(* Let $\preceq$ be a partial order on a nonempty set $S_0$, let $n \ge 1$, and let $S = S_0^n$ carry the component-wise partial order ($a \preceq b$ iff $a_i \preceq b_i$ for all $i$). Let $\mathcal{G}$ be a subgroup of the symmetric group $\mathcal{S}_n$, acting on $S$ by permuting coordinates, $\sigma a = (a_{\sigma(i)})_{i}$. Then on the set $S/\mathcal{G}$ of orbits, the strong relation ($A \preceq B$ iff for all $a \in A$ there is $b \in B$ with $a \preceq b$) and the weak relation ($A \preceq B$ iff there exist $a \in A$, $b \in B$ with $a \preceq b$) are identical, and this relation is a partial order on $S/\mathcal{G}$. *)

theory Defs
  imports "HOL-Algebra.Sym_Groups" "HOL-Library.FuncSet"
begin

definition prod_space :: "nat \<Rightarrow> 'a set \<Rightarrow> (nat \<Rightarrow> 'a) set" where
  "prod_space n S0 = PiE {1..n} (\<lambda>_. S0)"

definition cw_le :: "nat \<Rightarrow> 'a rel \<Rightarrow> (nat \<Rightarrow> 'a) \<Rightarrow> (nat \<Rightarrow> 'a) \<Rightarrow> bool" where
  "cw_le n r a b \<longleftrightarrow> (\<forall>i\<in>{1..n}. (a i, b i) \<in> r)"

definition perm_act :: "(nat \<Rightarrow> nat) \<Rightarrow> (nat \<Rightarrow> 'a) \<Rightarrow> (nat \<Rightarrow> 'a)" where
  "perm_act \<sigma> a = (\<lambda>i. a (\<sigma> i))"

definition orbit_of :: "(nat \<Rightarrow> nat) set \<Rightarrow> (nat \<Rightarrow> 'a) \<Rightarrow> (nat \<Rightarrow> 'a) set" where
  "orbit_of G a = (\<lambda>\<sigma>. perm_act \<sigma> a) ` G"

definition orbit_space :: "(nat \<Rightarrow> nat) set \<Rightarrow> (nat \<Rightarrow> 'a) set \<Rightarrow> (nat \<Rightarrow> 'a) set set" where
  "orbit_space G S = orbit_of G ` S"

definition strong_rel :: "('b \<Rightarrow> 'b \<Rightarrow> bool) \<Rightarrow> 'b set \<Rightarrow> 'b set \<Rightarrow> bool" where
  "strong_rel R A B \<longleftrightarrow> (\<forall>a\<in>A. \<exists>b\<in>B. R a b)"

definition weak_rel :: "('b \<Rightarrow> 'b \<Rightarrow> bool) \<Rightarrow> 'b set \<Rightarrow> 'b set \<Rightarrow> bool" where
  "weak_rel R A B \<longleftrightarrow> (\<exists>a\<in>A. \<exists>b\<in>B. R a b)"

end

theory Submission
  imports Defs
begin

text \<open>
  If some point of the orbit of \<open>a\<close> lies below some point of the orbit of \<open>b\<close>, then after
  translating by a group element we get \<open>a \<preceq> \<sigma> b\<close>, and applying any \<open>\<rho> \<in> \<G>\<close> to this
  inequality puts every point of the orbit of \<open>a\<close> below a point of the orbit of \<open>b\<close>;
  so the weak and the strong relation coincide. For antisymmetry, \<open>a \<preceq> \<sigma> b\<close> and \<open>b \<preceq> \<tau> a\<close> give \<open>a \<preceq> \<pi> a\<close> with \<open>\<pi> = \<tau> \<circ> \<sigma>\<close>,
  hence the chain \<open>a \<preceq> \<pi> a \<preceq> \<pi>\<^sup>2 a \<preceq> \<dots>\<close>, which returns to \<open>a\<close> because \<open>\<pi>\<close> has finite
  order. Thus \<open>\<pi> a = a\<close>, so \<open>a \<preceq> \<sigma> b \<preceq> a\<close> and the two orbits are equal.
\<close>

lemma subgroup_sym_group_closed:
  assumes "subgroup G (sym_group n)"
  shows subgroup_sym_group_permutes: "\<sigma> \<in> G \<Longrightarrow> \<sigma> permutes {1..n}"
    and subgroup_sym_group_id: "id \<in> G"
    and subgroup_sym_group_comp: "\<sigma> \<in> G \<Longrightarrow> \<tau> \<in> G \<Longrightarrow> \<sigma> \<circ> \<tau> \<in> G"
    and subgroup_sym_group_inv: "\<sigma> \<in> G \<Longrightarrow> inv' \<sigma> \<in> G"
proof -
  interpret subgroup G "sym_group n" by fact
  show "\<sigma> \<in> G \<Longrightarrow> \<sigma> permutes {1..n}"
    using subset sym_group_carrier by blast
  show "id \<in> G"
    using one_closed by (simp add: sym_group_one)
  show "\<sigma> \<in> G \<Longrightarrow> \<tau> \<in> G \<Longrightarrow> \<sigma> \<circ> \<tau> \<in> G"
    using m_closed by (simp add: sym_group_mult)
  show "\<sigma> \<in> G \<Longrightarrow> inv' \<sigma> \<in> G"
    using m_inv_closed subset sym_group_inv_equality by fastforce
qed

lemma perm_act_id [simp]: "perm_act id a = a"
  by (simp add: perm_act_def)

lemma perm_act_comp: "perm_act \<sigma> (perm_act \<tau> a) = perm_act (\<tau> \<circ> \<sigma>) a"
  by (simp add: perm_act_def)

lemma perm_act_in_prod_space:
  assumes "\<sigma> permutes {1..n}" "a \<in> prod_space n S0"
  shows "perm_act \<sigma> a \<in> prod_space n S0"
  using assms permutes_in_image[OF assms(1)] permutes_not_in[OF assms(1)]
  by (auto simp: prod_space_def perm_act_def PiE_def Pi_def extensional_def)

lemma cw_le_perm_act:
  assumes "\<sigma> permutes {1..n}" "cw_le n r a b"
  shows "cw_le n r (perm_act \<sigma> a) (perm_act \<sigma> b)"
  using assms permutes_in_image[OF assms(1)] by (auto simp: cw_le_def perm_act_def)

lemma cw_le_refl:
  assumes "refl_on S0 r" "a \<in> prod_space n S0"
  shows "cw_le n r a a"
  using assms by (auto simp: cw_le_def prod_space_def refl_on_def)

lemma cw_le_trans:
  assumes "trans r" "cw_le n r a b" "cw_le n r b c"
  shows "cw_le n r a c"
  using assms unfolding cw_le_def trans_def by blast

lemma cw_le_antisym:
  assumes "antisym r" "a \<in> prod_space n S0" "b \<in> prod_space n S0"
    and "cw_le n r a b" "cw_le n r b a"
  shows "a = b"
proof (rule PiE_ext[OF assms(2,3)[unfolded prod_space_def]])
  fix i
  assume "i \<in> {1..n}"
  then show "a i = b i"
    using assms(4,5) antisymD[OF assms(1)] unfolding cw_le_def by blast
qed

lemma cw_le_perm_act_fixed:
  assumes "trans r" "antisym r" "\<pi> permutes {1..n}" "cw_le n r a (perm_act \<pi> a)"
  shows "perm_act \<pi> a = a"
proof -
  have ascending: "cw_le n r a (perm_act (\<pi> ^^ Suc k) a)" for k
  proof (induction k)
    case 0
    show ?case using assms(4) by simp
  next
    case (Suc k)
    have "cw_le n r (perm_act \<pi> a) (perm_act \<pi> (perm_act (\<pi> ^^ Suc k) a))"
      using cw_le_perm_act[OF assms(3) Suc.IH] .
    then have "cw_le n r (perm_act \<pi> a) (perm_act (\<pi> ^^ Suc (Suc k)) a)"
      by (simp only: perm_act_comp funpow_Suc_right)
    then show ?case using assms(1,4) cw_le_trans by blast
  qed
  obtain m where m: "\<pi> ^^ m = id" "m > 1"
    using assms(3) permutation_is_nilpotent' permutation_permutes by blast
  then obtain k where k: "m = Suc (Suc k)"
    by (metis One_nat_def Suc_lessE gr0_conv_Suc)
  have "cw_le n r (perm_act \<pi> a) (perm_act \<pi> (perm_act (\<pi> ^^ Suc k) a))"
    using cw_le_perm_act[OF assms(3) ascending] .
  also have "perm_act \<pi> (perm_act (\<pi> ^^ Suc k) a) = a"
    using m k by (simp only: perm_act_comp funpow_Suc_right[symmetric] perm_act_id)
  finally have descending: "cw_le n r (perm_act \<pi> a) a" .
  show ?thesis
  proof
    fix i
    show "perm_act \<pi> a i = a i"
    proof (cases "i \<in> {1..n}")
      case True
      then show ?thesis
        using assms(4) descending antisymD[OF assms(2)] unfolding cw_le_def perm_act_def by blast
    next
      case False
      then show ?thesis using permutes_not_in[OF assms(3)] by (simp add: perm_act_def)
    qed
  qed
qed

lemma self_in_orbit_of:
  assumes "subgroup G (sym_group n)"
  shows "a \<in> orbit_of G a"
  using subgroup_sym_group_id[OF assms] perm_act_id unfolding orbit_of_def by (metis image_eqI)

lemma orbit_of_subset_prod_space:
  assumes "subgroup G (sym_group n)" "a \<in> prod_space n S0"
  shows "orbit_of G a \<subseteq> prod_space n S0"
  using assms perm_act_in_prod_space subgroup_sym_group_permutes
  unfolding orbit_of_def by blast

lemma orbit_of_perm_act:
  assumes "subgroup G (sym_group n)" "\<sigma> \<in> G"
  shows "orbit_of G (perm_act \<sigma> a) = orbit_of G a"
proof
  show "orbit_of G (perm_act \<sigma> a) \<subseteq> orbit_of G a"
    using assms subgroup_sym_group_comp by (auto simp: orbit_of_def perm_act_comp)
  show "orbit_of G a \<subseteq> orbit_of G (perm_act \<sigma> a)"
  proof
    fix x
    assume "x \<in> orbit_of G a"
    then obtain \<tau> where \<tau>: "\<tau> \<in> G" "x = perm_act \<tau> a"
      by (auto simp: orbit_of_def)
    have "x = perm_act (inv' \<sigma> \<circ> \<tau>) (perm_act \<sigma> a)"
      using \<tau> permutes_inv_o(1)[OF subgroup_sym_group_permutes[OF assms]]
      by (simp add: perm_act_comp o_assoc)
    moreover have "inv' \<sigma> \<circ> \<tau> \<in> G"
      using assms \<tau>(1) subgroup_sym_group_comp subgroup_sym_group_inv by blast
    ultimately show "x \<in> orbit_of G (perm_act \<sigma> a)"
      by (auto simp: orbit_of_def)
  qed
qed

lemma weak_rel_orbit_of_iff:
  assumes "subgroup G (sym_group n)"
  shows "weak_rel (cw_le n r) (orbit_of G a) (orbit_of G b) \<longleftrightarrow>
    (\<exists>\<sigma>\<in>G. cw_le n r a (perm_act \<sigma> b))"
proof
  assume "weak_rel (cw_le n r) (orbit_of G a) (orbit_of G b)"
  then obtain \<sigma> \<tau> where \<sigma>\<tau>: "\<sigma> \<in> G" "\<tau> \<in> G"
      "cw_le n r (perm_act \<sigma> a) (perm_act \<tau> b)"
    by (auto simp: weak_rel_def orbit_of_def)
  have \<sigma>: "\<sigma> permutes {1..n}"
    using assms \<sigma>\<tau>(1) by (rule subgroup_sym_group_permutes)
  have "cw_le n r (perm_act (inv' \<sigma>) (perm_act \<sigma> a)) (perm_act (inv' \<sigma>) (perm_act \<tau> b))"
    using cw_le_perm_act[OF permutes_inv[OF \<sigma>] \<sigma>\<tau>(3)] .
  then have "cw_le n r a (perm_act (\<tau> \<circ> inv' \<sigma>) b)"
    by (simp add: perm_act_comp permutes_inv_o(1)[OF \<sigma>])
  moreover have "\<tau> \<circ> inv' \<sigma> \<in> G"
    using assms \<sigma>\<tau>(1,2) subgroup_sym_group_comp subgroup_sym_group_inv by blast
  ultimately show "\<exists>\<sigma>\<in>G. cw_le n r a (perm_act \<sigma> b)" by blast
next
  assume "\<exists>\<sigma>\<in>G. cw_le n r a (perm_act \<sigma> b)"
  then obtain \<sigma> where "\<sigma> \<in> G" "cw_le n r a (perm_act \<sigma> b)" by blast
  moreover have "perm_act \<sigma> b \<in> orbit_of G b"
    using \<open>\<sigma> \<in> G\<close> by (simp add: orbit_of_def)
  ultimately show "weak_rel (cw_le n r) (orbit_of G a) (orbit_of G b)"
    using self_in_orbit_of[OF assms, of a] unfolding weak_rel_def by blast
qed

lemma strong_rel_orbit_of_iff_weak_rel:
  assumes "subgroup G (sym_group n)"
  shows "strong_rel (cw_le n r) (orbit_of G a) (orbit_of G b) \<longleftrightarrow>
    weak_rel (cw_le n r) (orbit_of G a) (orbit_of G b)"
proof
  assume "strong_rel (cw_le n r) (orbit_of G a) (orbit_of G b)"
  then show "weak_rel (cw_le n r) (orbit_of G a) (orbit_of G b)"
    using self_in_orbit_of[OF assms] unfolding strong_rel_def weak_rel_def by blast
next
  assume "weak_rel (cw_le n r) (orbit_of G a) (orbit_of G b)"
  then obtain \<sigma> where \<sigma>: "\<sigma> \<in> G" "cw_le n r a (perm_act \<sigma> b)"
    using weak_rel_orbit_of_iff[OF assms] by blast
  show "strong_rel (cw_le n r) (orbit_of G a) (orbit_of G b)"
    unfolding strong_rel_def
  proof
    fix x
    assume "x \<in> orbit_of G a"
    then obtain \<rho> where \<rho>: "\<rho> \<in> G" "x = perm_act \<rho> a"
      by (auto simp: orbit_of_def)
    have "cw_le n r x (perm_act (\<sigma> \<circ> \<rho>) b)"
      using cw_le_perm_act[OF subgroup_sym_group_permutes[OF assms \<rho>(1)] \<sigma>(2)] \<rho>(2)
      by (simp add: perm_act_comp)
    moreover have "perm_act (\<sigma> \<circ> \<rho>) b \<in> orbit_of G b"
      using assms \<sigma>(1) \<rho>(1) subgroup_sym_group_comp unfolding orbit_of_def by blast
    ultimately show "\<exists>y\<in>orbit_of G b. cw_le n r x y" by blast
  qed
qed

lemma orbit_of_antisym:
  assumes "subgroup G (sym_group n)" "partial_order_on S0 r"
    and "a \<in> prod_space n S0" "b \<in> prod_space n S0"
    and "weak_rel (cw_le n r) (orbit_of G a) (orbit_of G b)"
    and "weak_rel (cw_le n r) (orbit_of G b) (orbit_of G a)"
  shows "orbit_of G a = orbit_of G b"
proof -
  have r: "trans r" "antisym r"
    using assms(2) by (auto simp: partial_order_on_def preorder_on_def)
  obtain \<sigma> where \<sigma>: "\<sigma> \<in> G" "cw_le n r a (perm_act \<sigma> b)"
    using assms(5) weak_rel_orbit_of_iff[OF assms(1)] by blast
  obtain \<tau> where \<tau>: "\<tau> \<in> G" "cw_le n r b (perm_act \<tau> a)"
    using assms(6) weak_rel_orbit_of_iff[OF assms(1)] by blast
  have \<sigma>_perm: "\<sigma> permutes {1..n}" and \<pi>_perm: "\<tau> \<circ> \<sigma> permutes {1..n}"
    using assms(1) \<sigma>(1) \<tau>(1) subgroup_sym_group_comp subgroup_sym_group_permutes by blast+
  have "cw_le n r (perm_act \<sigma> b) (perm_act (\<tau> \<circ> \<sigma>) a)"
    using cw_le_perm_act[OF \<sigma>_perm \<tau>(2)] by (simp add: perm_act_comp)
  then have "perm_act (\<tau> \<circ> \<sigma>) a = a"
    using cw_le_perm_act_fixed[OF r \<pi>_perm] cw_le_trans[OF r(1) \<sigma>(2)] by blast
  then have "a = perm_act \<sigma> b"
    using cw_le_antisym[OF r(2) assms(3) perm_act_in_prod_space[OF \<sigma>_perm assms(4)] \<sigma>(2)]
      \<open>cw_le n r (perm_act \<sigma> b) (perm_act (\<tau> \<circ> \<sigma>) a)\<close> by simp
  then show ?thesis
    using orbit_of_perm_act[OF assms(1) \<sigma>(1)] by simp
qed

lemma partial_order_on_orbit_space:
  assumes "subgroup G (sym_group n)" "partial_order_on S0 r"
  defines "\<O> \<equiv> orbit_space G (prod_space n S0)"
  shows "partial_order_on \<O> {(A, B). A \<in> \<O> \<and> B \<in> \<O> \<and> strong_rel (cw_le n r) A B}"
proof -
  have r: "refl_on S0 r" "trans r"
    using assms(2) by (auto simp: partial_order_on_def preorder_on_def)
  have refl: "strong_rel (cw_le n r) A A" if "A \<in> \<O>" for A
    using that orbit_of_subset_prod_space[OF assms(1)] cw_le_refl[OF r(1)]
    by (fastforce simp: \<O>_def orbit_space_def strong_rel_def)
  have trans: "strong_rel (cw_le n r) A C"
    if "strong_rel (cw_le n r) A B" "strong_rel (cw_le n r) B C" for A B C
    using that cw_le_trans[OF r(2)] unfolding strong_rel_def by meson
  have antisym: "A = B"
    if AB: "A \<in> \<O>" "B \<in> \<O>" "strong_rel (cw_le n r) A B" "strong_rel (cw_le n r) B A"
    for A B
  proof -
    obtain a b where "a \<in> prod_space n S0" "b \<in> prod_space n S0"
        "A = orbit_of G a" "B = orbit_of G b"
      using AB(1,2) by (auto simp: \<O>_def orbit_space_def)
    then show ?thesis
      using AB(3,4) orbit_of_antisym[OF assms(1,2)]
      by (simp add: strong_rel_orbit_of_iff_weak_rel[OF assms(1)])
  qed
  show ?thesis
    unfolding partial_order_on_def preorder_on_def refl_on_def trans_def antisym_def
    using refl trans antisym by blast
qed

theorem corollary3:
  fixes S0 :: "'a set" and r :: "'a rel" and n :: nat and G :: "(nat \<Rightarrow> nat) set"
  assumes "S0 \<noteq> {}"
    and "partial_order_on S0 r"
    and "n \<ge> 1"
    and "subgroup G (sym_group n)"
  shows "(\<forall>A\<in>orbit_space G (prod_space n S0). \<forall>B\<in>orbit_space G (prod_space n S0).
            strong_rel (cw_le n r) A B \<longleftrightarrow> weak_rel (cw_le n r) A B)
         \<and> partial_order_on (orbit_space G (prod_space n S0))
             {(A, B). A \<in> orbit_space G (prod_space n S0) \<and> B \<in> orbit_space G (prod_space n S0)
                      \<and> strong_rel (cw_le n r) A B}"
proof (intro conjI ballI)
  fix A B
  assume "A \<in> orbit_space G (prod_space n S0)" "B \<in> orbit_space G (prod_space n S0)"
  then obtain a b where "A = orbit_of G a" "B = orbit_of G b"
    by (auto simp: orbit_space_def)
  then show "strong_rel (cw_le n r) A B \<longleftrightarrow> weak_rel (cw_le n r) A B"
    by (simp add: strong_rel_orbit_of_iff_weak_rel[OF assms(4)])
qed (rule partial_order_on_orbit_space[OF assms(4,2)])

end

========

What the exercise asks - Across the data, how many lines contain the string "subseteq"? Only the number is wanted.

Answer to this task - 3